BPM Quotes of the week

On Social BPM – Stuart Chandler

With such emerging trends all set to revolutionize business processes, I feel the greatest impact on how we ‘do’ our BPM is yet to be unleashed. With customer interactions transcending business boundaries and realigning the way businesses think and act, social BPM is BPM’s opportunity to brace itself for today’s increasingly ‘social’ world

On Social BPMN – Marco Brambilla

However, no appropriate notation has been devised for specifying social aspects within business process models. We propose a first attempt towards the extension of business process notations with social features. In particular, we devise an extension of the BPMN notation for capturing social requirements. Such extension does not alter the semantics of the language: it includes a set of new event types and task types, together with some annotation for the pool/lane levels. It actually exploits the extensibility features of BPMN 2.0

On BPM First Projects – David Brakoniecki

In my experience, successful first-time BPM projects more commonly start with a business problem with no obvious cost-effective technology solution. In other words, a business comes to BPM because they have a project rather than going to find a project because they have a BPMS.

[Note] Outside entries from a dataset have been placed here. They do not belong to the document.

text \<open>The easy half of Kantorovich--Rubinstein duality.\<close>
lemma integral_diff_le_wasserstein_n:
  assumes ne: "couplings \<mu> \<nu> \<noteq> {}" and n: "0 < n"
    and g: "g \<in> borel_measurable borel" "\<And>x. \<bar>g x\<bar> \<le> B"
    and lip: "\<And>x y. g x - g y \<le> bd n x y"
  shows "integral\<^sup>L \<mu> g - integral\<^sup>L \<nu> g \<le> wasserstein_n f n \<mu> \<nu>"
  unfolding wasserstein_n_def
proof (rule cINF_greatest[OF ne])
  fix \<pi> assume \<pi>: "\<pi> \<in> couplings \<mu> \<nu>"
  interpret prob_space \<pi> using couplingsD[OF \<pi>] by simp
  have fst: "fst \<in> \<pi> \<rightarrow>\<^sub>M borel" and snd: "snd \<in> \<pi> \<rightarrow>\<^sub>M borel"
    by (intro measurable_cong_borel[OF couplingsD(2)[OF \<pi>]] borel_measurable_continuous_onI
        continuous_intros)+
  have int: "integrable \<pi> (\<lambda>p. g (fst p))" "integrable \<pi> (\<lambda>p. g (snd p))"
    by (rule integrable_const_bound[where B = B];
        use g(2) in \<open>auto intro: measurable_compose[OF fst g(1)] measurable_compose[OF snd g(1)]\<close>)+
  have "integral\<^sup>L \<mu> g - integral\<^sup>L \<nu> g = integral\<^sup>L \<pi> (\<lambda>p. g (fst p) - g (snd p))"
    using integral_distr[OF fst g(1)] integral_distr[OF snd g(1)] couplingsD(3,4)[OF \<pi>] int
    by simp
  also have "\<dots> \<le> integral\<^sup>L \<pi> (\<lambda>p. bd n (fst p) (snd p))"
    by (intro integral_mono Bochner_Integration.integrable_diff int
        integrable_bowen_dist[OF \<pi> n] lip)
  finally show "integral\<^sup>L \<mu> g - integral\<^sup>L \<nu> g \<le> integral\<^sup>L \<pi> (\<lambda>p. bd n (fst p) (snd p))" .
qed
lemma floor_inverse_step:
  fixes y :: real and Q :: nat
  assumes irr: "y \<notin> \<rat>" and pos: "0 < y" and small: "y < 1 / (real Q + 1)"
  shows "\<lfloor>1/y\<rfloor> \<ge> int Q + 1" "1 - \<lfloor>1/y\<rfloor> * y \<notin> \<rat>"
    "0 < 1 - \<lfloor>1/y\<rfloor> * y" "1 - \<lfloor>1/y\<rfloor> * y < 1 / (\<lfloor>1/y\<rfloor> + 1)"
proof -
  define m :: real where "m = \<lfloor>1/y\<rfloor>"
  have "real Q + 1 < 1/y" using small pos by (simp add: field_simps)
  then show "\<lfloor>1/y\<rfloor> \<ge> int Q + 1" by (simp add: le_floor_iff)
  then have m_pos: "(0::real) < m" unfolding m_def by linarith
  have "1/y \<notin> \<rat>" using irr by (metis Rats_inverse inverse_eq_divide inverse_inverse_eq)
  then have "m \<noteq> 1/y" unfolding m_def by (metis Rats_of_int)
  then have "m < 1/y" unfolding m_def by (simp add: order_less_le)
  then have "m * y < 1" using pos by (simp add: field_simps)
  then show "0 < 1 - \<lfloor>1/y\<rfloor> * y" unfolding m_def by simp
  have "1/y < m + 1" unfolding m_def by linarith
  then have "1 < (m + 1) * y" using pos by (simp add: field_simps)
  then have "m * 1 < m * ((m + 1) * y)" using m_pos by (rule mult_strict_left_mono)
  then have "(1 - m * y) * (m + 1) < 1" by (simp add: algebra_simps)
  then have "1 - m * y < 1 / (m + 1)" using m_pos by (simp add: field_simps)
  then show "1 - \<lfloor>1/y\<rfloor> * y < 1 / (\<lfloor>1/y\<rfloor> + 1)" unfolding m_def by simp
  show "1 - \<lfloor>1/y\<rfloor> * y \<notin> \<rat>"
  proof
    assume "1 - \<lfloor>1/y\<rfloor> * y \<in> \<rat>"
    from Rats_divide[OF Rats_diff[OF Rats_1 this] Rats_of_int]
    have "(1 - (1 - m * y)) / m \<in> \<rat>" unfolding m_def .
    moreover have "(1 - (1 - m * y)) / m = y" using m_pos by simp
    ultimately show False using irr by simp
  qed
qed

On BPM and Improving – Chris Taylor

O’Neill could have been a BPM expert when he said “A man’s work is in danger of deteriorating when he thinks he has found the one best formula for doing it. If he thinks that, he is likely to feel that all he needs is merely to go on repeating himself…so long as a person is searching for better ways of doing his work, he is fairly safe.” He was a Nobel laureate in Literature and, we can agree, pretty insightful.

On BPM Connectivity – Andrew Smith

When looking at BPM (Business Process Management) solutions, or talking about BPM the concept, many of us think of how it relates to actual business processes or business goals, cases, targets etc. This is the main aim of BPM, to address how a business achieves a goal or carries out “work”, agreed? Ok, but my observation is, Is this right? Does the term BPM limit our thinking in real sense?

On Process Mining – Anne Rozinat

So, in my view process invisibility is a major driver for process mining. For example: People are not following the work instructions (because they don’t suit them or because they are not trained well) and nobody is aware of it, Nobody has an overview about the end-to-end process with all its variations, Performance and quality problems appear on the surface (complaints by the customer) but it’s unclear where these problems stem from.